- _TASK TO CARRY OUT_: Print out the data below with every line intact.

===== RECORDS FOR THE EXERCISE

lemma odd_order_interpolation:
  fixes g h k :: "real \<Rightarrow> complex" and n :: nat
  assumes K: "K > 0" and \<sigma>: "\<sigma> > 0" and \<rho>: "\<rho> > 0" and C: "C \<ge> 0"
    and a: "\<bar>a\<bar> \<le> K * real (2 * n + 2)" and b: "\<bar>b\<bar> \<le> K * real (2 * n + 2)"
    and dg: "\<And>u. u \<in> {t..t+\<rho>} \<Longrightarrow> (g has_vector_derivative (h u + of_real a * g u)) (at u within {t..t+\<rho>})"
    and dh: "\<And>u. u \<in> {t..t+\<rho>} \<Longrightarrow> (h has_vector_derivative (k u + of_real b * h u)) (at u within {t..t+\<rho>})"
    and bg: "\<And>u. u \<in> {t..t+\<rho>} \<Longrightarrow> norm (g u) \<le> C * fact (2 * n) * \<sigma> ^ (2 * n)"
    and bk: "\<And>u. u \<in> {t..t+\<rho>} \<Longrightarrow> norm (k u) \<le> C * fact (2 * n + 2) * \<sigma> ^ (2 * n + 2)"
  shows "norm (h t) \<le> C * (4 / (\<rho> * \<sigma>) + 36 * K / \<sigma> + 11) * fact (2 * n + 1) * \<sigma> ^ (2 * n + 1)"
proof -
  define m where "m = real (2 * n + 1)"
  define M0 where "M0 = C * fact (2 * n) * \<sigma> ^ (2 * n)"
  have m: "m \<ge> 1" and L: "K * (m + 1) > 0" and \<sigma>m: "\<sigma> * (m + 1) > 0"
    using K \<sigma> by (auto simp: m_def)
  obtain l where l: "l > 0" "l \<le> \<rho>" and lL: "l * (K * (m + 1)) \<le> 1/4"
    and l_small: "l * (\<sigma> * (m + 1)) \<le> 1"
    and inv_l: "1 / l \<le> 1 / \<rho> + 4 * (K * (m + 1)) + \<sigma> * (m + 1)"
    using step_length_exists[OF \<rho> L \<sigma>m] by blast
  have M0: "M0 \<ge> 0" using C \<sigma> by (simp add: M0_def)
  have fact_odd: "C * fact (2 * n + 1) * \<sigma> ^ (2 * n + 1) = m * \<sigma> * M0"
    using fact_power_Suc[of C "2 * n" \<sigma>] by (simp add: M0_def m_def)
  have fact_even: "C * fact (2 * n + 2) * \<sigma> ^ (2 * n + 2) = \<sigma> * (m + 1) * (m * \<sigma> * M0)"
    using fact_power_Suc[of C "2 * n + 1" \<sigma>] unfolding fact_odd by (simp add: m_def)
  have sub: "{t..t+l} \<subseteq> {t..t+\<rho>}" using l by auto
  have "norm (h t) \<le> 4 * M0 / l + 2 * (K * (m + 1)) * M0 + 3 * l * (\<sigma> * (m + 1) * (m * \<sigma> * M0))"
  proof (rule interpolation_estimate[OF l(1) lL, where g = g and k = k and a = a and b = b])
    show "\<bar>a\<bar> \<le> K * (m + 1)" "\<bar>b\<bar> \<le> K * (m + 1)" using a b by (simp_all add: m_def)
    fix u assume "u \<in> {t..t+l}"
    then have u: "u \<in> {t..t+\<rho>}" using sub by auto
    show "(g has_vector_derivative (h u + of_real a * g u)) (at u within {t..t+l})"
      by (rule has_vector_derivative_within_subset[OF dg[OF u] sub])
    show "(h has_vector_derivative (k u + of_real b * h u)) (at u within {t..t+l})"
      by (rule has_vector_derivative_within_subset[OF dh[OF u] sub])
    show "norm (g u) \<le> M0" using bg[OF u] by (simp add: M0_def)
    show "norm (k u) \<le> \<sigma> * (m + 1) * (m * \<sigma> * M0)" using bk[OF u] unfolding fact_even .
  qed
  also have "\<dots> \<le> m * \<sigma> * M0 * (4 / (\<rho> * \<sigma>) + 36 * K / \<sigma> + 11)"
    by (rule interpolation_bound_arith[OF m \<sigma> \<rho> K M0 l(1) inv_l l_small])
  also have "\<dots> = C * (4 / (\<rho> * \<sigma>) + 36 * K / \<sigma> + 11) * fact (2 * n + 1) * \<sigma> ^ (2 * n + 1)"
    unfolding fact_odd[symmetric] by (simp only: mult_ac)
  finally show ?thesis .
qed

lemma higher_deriv_on_Suc:
  "higher_deriv_on a b (Suc k) g = higher_deriv_on a b k (higher_deriv_on a b (Suc 0) g)"
  by (induction k) simp_all

lemma smooth_on_interval_deriv:
  assumes "smooth_on_interval a b g"
  shows "smooth_on_interval a b (higher_deriv_on a b (Suc 0) g)"
  using assms unfolding smooth_on_interval_def higher_deriv_on_Suc[symmetric] by blast

lemma higher_deriv_on_diff_derivative:
  assumes g1: "smooth_on_interval a b g1" and g2: "smooth_on_interval a b g2" and t: "t \<in> {a..b}"
  shows "((\<lambda>s. higher_deriv_on a b k g1 s - c * higher_deriv_on a b k g2 s) has_vector_derivative
      (higher_deriv_on a b (Suc k) g1 t - c * higher_deriv_on a b (Suc k) g2 t)) (at t within {a..b})"
  using g1 g2 t unfolding smooth_on_interval_def by (intro derivative_intros) auto

lemma higher_deriv_on_diff:
  assumes ab: "a < b" and g1: "smooth_on_interval a b g1" and g2: "smooth_on_interval a b g2"
    and t: "t \<in> {a..b}"
  shows "higher_deriv_on a b k (\<lambda>s. g1 s - c * g2 s) t
           = higher_deriv_on a b k g1 t - c * higher_deriv_on a b k g2 t"
  using t
proof (induction k arbitrary: t)
  case 0
  then show ?case by simp
next
  case (Suc k)
  note D = higher_deriv_on_diff_derivative[OF g1 g2 Suc.prems, of k c]
  have "(higher_deriv_on a b k (\<lambda>s. g1 s - c * g2 s) has_vector_derivative
      (higher_deriv_on a b (Suc k) g1 t - c * higher_deriv_on a b (Suc k) g2 t)) (at t within {a..b})"
    by (rule has_vector_derivative_transform[OF Suc.prems _ D]) (rule Suc.IH)
  then show ?case
    by (simp add: vector_derivative_within_closed_interval[OF ab Suc.prems])
qed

==========

- _PROBLEM SOLUTION_:
lemma odd_order_interpolation:
  fixes g h k :: "real \<Rightarrow> complex" and n :: nat
  assumes K: "K > 0" and \<sigma>: "\<sigma> > 0" and \<rho>: "\<rho> > 0" and C: "C \<ge> 0"
    and a: "\<bar>a\<bar> \<le> K * real (2 * n + 2)" and b: "\<bar>b\<bar> \<le> K * real (2 * n + 2)"
    and dg: "\<And>u. u \<in> {t..t+\<rho>} \<Longrightarrow> (g has_vector_derivative (h u + of_real a * g u)) (at u within {t..t+\<rho>})"
    and dh: "\<And>u. u \<in> {t..t+\<rho>} \<Longrightarrow> (h has_vector_derivative (k u + of_real b * h u)) (at u within {t..t+\<rho>})"
    and bg: "\<And>u. u \<in> {t..t+\<rho>} \<Longrightarrow> norm (g u) \<le> C * fact (2 * n) * \<sigma> ^ (2 * n)"
    and bk: "\<And>u. u \<in> {t..t+\<rho>} \<Longrightarrow> norm (k u) \<le> C * fact (2 * n + 2) * \<sigma> ^ (2 * n + 2)"
  shows "norm (h t) \<le> C * (4 / (\<rho> * \<sigma>) + 36 * K / \<sigma> + 11) * fact (2 * n + 1) * \<sigma> ^ (2 * n + 1)"
proof -
  define m where "m = real (2 * n + 1)"
  define M0 where "M0 = C * fact (2 * n) * \<sigma> ^ (2 * n)"
  have m: "m \<ge> 1" and L: "K * (m + 1) > 0" and \<sigma>m: "\<sigma> * (m + 1) > 0"
    using K \<sigma> by (auto simp: m_def)
  obtain l where l: "l > 0" "l \<le> \<rho>" and lL: "l * (K * (m + 1)) \<le> 1/4"
    and l_small: "l * (\<sigma> * (m + 1)) \<le> 1"
    and inv_l: "1 / l \<le> 1 / \<rho> + 4 * (K * (m + 1)) + \<sigma> * (m + 1)"
    using step_length_exists[OF \<rho> L \<sigma>m] by blast
  have M0: "M0 \<ge> 0" using C \<sigma> by (simp add: M0_def)
  have fact_odd: "C * fact (2 * n + 1) * \<sigma> ^ (2 * n + 1) = m * \<sigma> * M0"
    using fact_power_Suc[of C "2 * n" \<sigma>] by (simp add: M0_def m_def)
  have fact_even: "C * fact (2 * n + 2) * \<sigma> ^ (2 * n + 2) = \<sigma> * (m + 1) * (m * \<sigma> * M0)"
    using fact_power_Suc[of C "2 * n + 1" \<sigma>] unfolding fact_odd by (simp add: m_def)
  have sub: "{t..t+l} \<subseteq> {t..t+\<rho>}" using l by auto
  have "norm (h t) \<le> 4 * M0 / l + 2 * (K * (m + 1)) * M0 + 3 * l * (\<sigma> * (m + 1) * (m * \<sigma> * M0))"
  proof (rule interpolation_estimate[OF l(1) lL, where g = g and k = k and a = a and b = b])
    show "\<bar>a\<bar> \<le> K * (m + 1)" "\<bar>b\<bar> \<le> K * (m + 1)" using a b by (simp_all add: m_def)
    fix u assume "u \<in> {t..t+l}"
    then have u: "u \<in> {t..t+\<rho>}" using sub by auto
    show "(g has_vector_derivative (h u + of_real a * g u)) (at u within {t..t+l})"
      by (rule has_vector_derivative_within_subset[OF dg[OF u] sub])
    show "(h has_vector_derivative (k u + of_real b * h u)) (at u within {t..t+l})"
      by (rule has_vector_derivative_within_subset[OF dh[OF u] sub])
    show "norm (g u) \<le> M0" using bg[OF u] by (simp add: M0_def)
    show "norm (k u) \<le> \<sigma> * (m + 1) * (m * \<sigma> * M0)" using bk[OF u] unfolding fact_even .
  qed
  also have "\<dots> \<le> m * \<sigma> * M0 * (4 / (\<rho> * \<sigma>) + 36 * K / \<sigma> + 11)"
    by (rule interpolation_bound_arith[OF m \<sigma> \<rho> K M0 l(1) inv_l l_small])
  also have "\<dots> = C * (4 / (\<rho> * \<sigma>) + 36 * K / \<sigma> + 11) * fact (2 * n + 1) * \<sigma> ^ (2 * n + 1)"
    unfolding fact_odd[symmetric] by (simp only: mult_ac)
  finally show ?thesis .
qed

lemma higher_deriv_on_Suc:
  "higher_deriv_on a b (Suc k) g = higher_deriv_on a b k (higher_deriv_on a b (Suc 0) g)"
  by (induction k) simp_all

lemma smooth_on_interval_deriv:
  assumes "smooth_on_interval a b g"
  shows "smooth_on_interval a b (higher_deriv_on a b (Suc 0) g)"
  using assms unfolding smooth_on_interval_def higher_deriv_on_Suc[symmetric] by blast

lemma higher_deriv_on_diff_derivative:
  assumes g1: "smooth_on_interval a b g1" and g2: "smooth_on_interval a b g2" and t: "t \<in> {a..b}"
  shows "((\<lambda>s. higher_deriv_on a b k g1 s - c * higher_deriv_on a b k g2 s) has_vector_derivative
      (higher_deriv_on a b (Suc k) g1 t - c * higher_deriv_on a b (Suc k) g2 t)) (at t within {a..b})"
  using g1 g2 t unfolding smooth_on_interval_def by (intro derivative_intros) auto

lemma higher_deriv_on_diff:
  assumes ab: "a < b" and g1: "smooth_on_interval a b g1" and g2: "smooth_on_interval a b g2"
    and t: "t \<in> {a..b}"
  shows "higher_deriv_on a b k (\<lambda>s. g1 s - c * g2 s) t
           = higher_deriv_on a b k g1 t - c * higher_deriv_on a b k g2 t"
  using t
proof (induction k arbitrary: t)
  case 0
  then show ?case by simp
next
  case (Suc k)
  note D = higher_deriv_on_diff_derivative[OF g1 g2 Suc.prems, of k c]
  have "(higher_deriv_on a b k (\<lambda>s. g1 s - c * g2 s) has_vector_derivative
      (higher_deriv_on a b (Suc k) g1 t - c * higher_deriv_on a b (Suc k) g2 t)) (at t within {a..b})"
    by (rule has_vector_derivative_transform[OF Suc.prems _ D]) (rule Suc.IH)
  then show ?case
    by (simp add: vector_derivative_within_closed_interval[OF ab Suc.prems])
qed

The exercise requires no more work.